_ASSIGNMENT:_
What is needed is every line of the data that includes the word "range". Please copy each one.

Records from a collection
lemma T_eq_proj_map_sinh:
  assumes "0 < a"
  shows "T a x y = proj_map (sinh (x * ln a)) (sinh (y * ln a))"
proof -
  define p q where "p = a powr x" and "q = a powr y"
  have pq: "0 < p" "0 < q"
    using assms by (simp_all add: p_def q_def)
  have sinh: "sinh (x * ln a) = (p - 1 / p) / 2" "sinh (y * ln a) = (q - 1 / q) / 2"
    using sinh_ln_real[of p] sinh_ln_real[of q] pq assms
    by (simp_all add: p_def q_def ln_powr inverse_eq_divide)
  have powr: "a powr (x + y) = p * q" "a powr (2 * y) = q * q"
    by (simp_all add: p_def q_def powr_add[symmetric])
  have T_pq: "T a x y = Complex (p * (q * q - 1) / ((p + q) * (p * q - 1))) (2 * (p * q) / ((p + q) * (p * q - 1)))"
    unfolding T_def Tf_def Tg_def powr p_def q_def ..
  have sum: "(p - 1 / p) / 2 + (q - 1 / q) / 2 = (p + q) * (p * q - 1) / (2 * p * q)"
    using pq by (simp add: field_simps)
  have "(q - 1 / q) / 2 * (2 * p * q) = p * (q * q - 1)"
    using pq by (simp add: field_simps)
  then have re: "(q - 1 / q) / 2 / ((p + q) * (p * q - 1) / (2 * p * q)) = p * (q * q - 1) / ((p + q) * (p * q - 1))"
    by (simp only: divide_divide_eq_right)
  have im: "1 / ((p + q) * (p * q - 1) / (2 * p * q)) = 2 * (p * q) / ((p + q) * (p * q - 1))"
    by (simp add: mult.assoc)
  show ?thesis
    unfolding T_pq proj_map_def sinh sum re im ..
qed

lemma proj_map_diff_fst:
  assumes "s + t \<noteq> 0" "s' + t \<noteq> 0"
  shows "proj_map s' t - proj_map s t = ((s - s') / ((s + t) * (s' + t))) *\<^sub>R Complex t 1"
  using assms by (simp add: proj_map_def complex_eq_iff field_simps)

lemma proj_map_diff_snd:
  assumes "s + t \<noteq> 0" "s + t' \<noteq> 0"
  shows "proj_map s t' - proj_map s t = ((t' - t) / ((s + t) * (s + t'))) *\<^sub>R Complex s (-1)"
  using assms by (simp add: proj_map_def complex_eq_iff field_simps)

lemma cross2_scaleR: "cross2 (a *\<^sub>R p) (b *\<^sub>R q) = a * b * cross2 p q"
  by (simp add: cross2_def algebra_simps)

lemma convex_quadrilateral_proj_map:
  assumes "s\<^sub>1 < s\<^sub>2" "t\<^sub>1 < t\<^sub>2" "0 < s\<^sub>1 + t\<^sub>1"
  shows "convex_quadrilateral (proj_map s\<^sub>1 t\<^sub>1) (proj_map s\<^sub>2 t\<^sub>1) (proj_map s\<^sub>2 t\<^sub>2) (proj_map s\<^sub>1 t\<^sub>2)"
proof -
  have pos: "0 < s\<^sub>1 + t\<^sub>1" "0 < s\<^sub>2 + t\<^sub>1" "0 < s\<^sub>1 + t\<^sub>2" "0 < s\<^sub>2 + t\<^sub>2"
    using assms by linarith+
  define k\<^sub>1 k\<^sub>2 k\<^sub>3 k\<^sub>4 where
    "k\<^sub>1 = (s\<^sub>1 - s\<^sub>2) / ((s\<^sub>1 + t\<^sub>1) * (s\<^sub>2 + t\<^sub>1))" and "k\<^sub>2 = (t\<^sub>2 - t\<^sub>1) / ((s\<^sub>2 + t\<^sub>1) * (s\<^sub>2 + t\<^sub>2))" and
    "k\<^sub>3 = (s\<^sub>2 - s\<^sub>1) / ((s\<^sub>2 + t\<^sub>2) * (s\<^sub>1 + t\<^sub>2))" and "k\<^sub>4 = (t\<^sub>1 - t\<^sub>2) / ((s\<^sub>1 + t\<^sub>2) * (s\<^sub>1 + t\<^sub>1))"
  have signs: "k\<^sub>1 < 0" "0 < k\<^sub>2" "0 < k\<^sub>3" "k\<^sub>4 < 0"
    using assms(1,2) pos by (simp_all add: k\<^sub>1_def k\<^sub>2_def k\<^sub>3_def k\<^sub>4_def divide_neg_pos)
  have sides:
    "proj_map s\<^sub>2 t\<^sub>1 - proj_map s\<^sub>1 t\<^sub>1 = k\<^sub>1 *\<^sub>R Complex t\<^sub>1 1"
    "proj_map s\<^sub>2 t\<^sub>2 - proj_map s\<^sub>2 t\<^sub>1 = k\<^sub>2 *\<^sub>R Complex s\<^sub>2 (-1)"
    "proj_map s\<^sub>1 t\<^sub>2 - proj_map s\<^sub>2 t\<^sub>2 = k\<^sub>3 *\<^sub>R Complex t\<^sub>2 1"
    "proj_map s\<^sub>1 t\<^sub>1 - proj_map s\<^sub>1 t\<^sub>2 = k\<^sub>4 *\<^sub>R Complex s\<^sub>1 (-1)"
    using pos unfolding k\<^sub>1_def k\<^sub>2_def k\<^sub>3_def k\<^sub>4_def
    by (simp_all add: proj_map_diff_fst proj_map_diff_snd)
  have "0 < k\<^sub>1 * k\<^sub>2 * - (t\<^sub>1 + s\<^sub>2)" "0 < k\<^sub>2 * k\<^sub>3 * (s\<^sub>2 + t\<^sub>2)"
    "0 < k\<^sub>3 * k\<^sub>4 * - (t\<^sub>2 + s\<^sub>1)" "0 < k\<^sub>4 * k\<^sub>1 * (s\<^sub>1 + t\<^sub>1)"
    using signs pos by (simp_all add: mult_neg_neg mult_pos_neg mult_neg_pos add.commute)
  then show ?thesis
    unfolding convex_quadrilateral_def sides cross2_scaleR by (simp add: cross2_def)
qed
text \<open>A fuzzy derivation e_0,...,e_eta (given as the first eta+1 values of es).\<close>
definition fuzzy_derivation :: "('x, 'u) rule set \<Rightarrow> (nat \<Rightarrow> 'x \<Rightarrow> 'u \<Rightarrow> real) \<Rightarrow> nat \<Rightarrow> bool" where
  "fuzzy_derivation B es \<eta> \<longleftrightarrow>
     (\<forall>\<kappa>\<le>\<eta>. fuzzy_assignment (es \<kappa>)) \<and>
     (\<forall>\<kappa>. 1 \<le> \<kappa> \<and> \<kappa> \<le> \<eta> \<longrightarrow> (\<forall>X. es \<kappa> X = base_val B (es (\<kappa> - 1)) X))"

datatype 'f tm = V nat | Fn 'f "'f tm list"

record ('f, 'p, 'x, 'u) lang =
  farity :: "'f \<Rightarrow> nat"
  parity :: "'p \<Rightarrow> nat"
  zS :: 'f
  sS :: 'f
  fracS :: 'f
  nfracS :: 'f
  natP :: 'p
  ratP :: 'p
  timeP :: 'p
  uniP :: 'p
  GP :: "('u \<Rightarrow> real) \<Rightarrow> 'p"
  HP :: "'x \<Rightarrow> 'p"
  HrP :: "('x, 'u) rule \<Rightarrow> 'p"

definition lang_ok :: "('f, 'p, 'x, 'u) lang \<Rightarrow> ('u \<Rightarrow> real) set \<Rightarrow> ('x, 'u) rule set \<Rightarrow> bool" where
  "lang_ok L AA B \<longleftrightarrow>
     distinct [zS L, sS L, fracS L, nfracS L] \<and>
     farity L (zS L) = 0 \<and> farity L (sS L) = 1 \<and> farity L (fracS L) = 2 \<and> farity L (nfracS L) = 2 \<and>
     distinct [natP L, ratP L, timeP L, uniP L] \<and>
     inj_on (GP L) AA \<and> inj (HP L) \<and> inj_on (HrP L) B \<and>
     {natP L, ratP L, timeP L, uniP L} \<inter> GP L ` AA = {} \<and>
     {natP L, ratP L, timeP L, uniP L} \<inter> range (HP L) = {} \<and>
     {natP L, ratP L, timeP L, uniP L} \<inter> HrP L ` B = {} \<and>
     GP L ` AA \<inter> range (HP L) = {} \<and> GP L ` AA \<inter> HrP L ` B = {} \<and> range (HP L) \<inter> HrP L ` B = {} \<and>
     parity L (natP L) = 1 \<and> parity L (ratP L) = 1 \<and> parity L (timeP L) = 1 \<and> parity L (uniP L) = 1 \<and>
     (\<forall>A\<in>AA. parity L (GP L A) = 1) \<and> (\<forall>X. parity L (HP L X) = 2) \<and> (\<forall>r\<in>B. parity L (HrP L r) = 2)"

_EXERCISE ANSWER:_
     {natP L, ratP L, timeP L, uniP L} \<inter> range (HP L) = {} \<and>
     GP L ` AA \<inter> range (HP L) = {} \<and> GP L ` AA \<inter> HrP L ` B = {} \<and> range (HP L) \<inter> HrP L ` B = {} \<and>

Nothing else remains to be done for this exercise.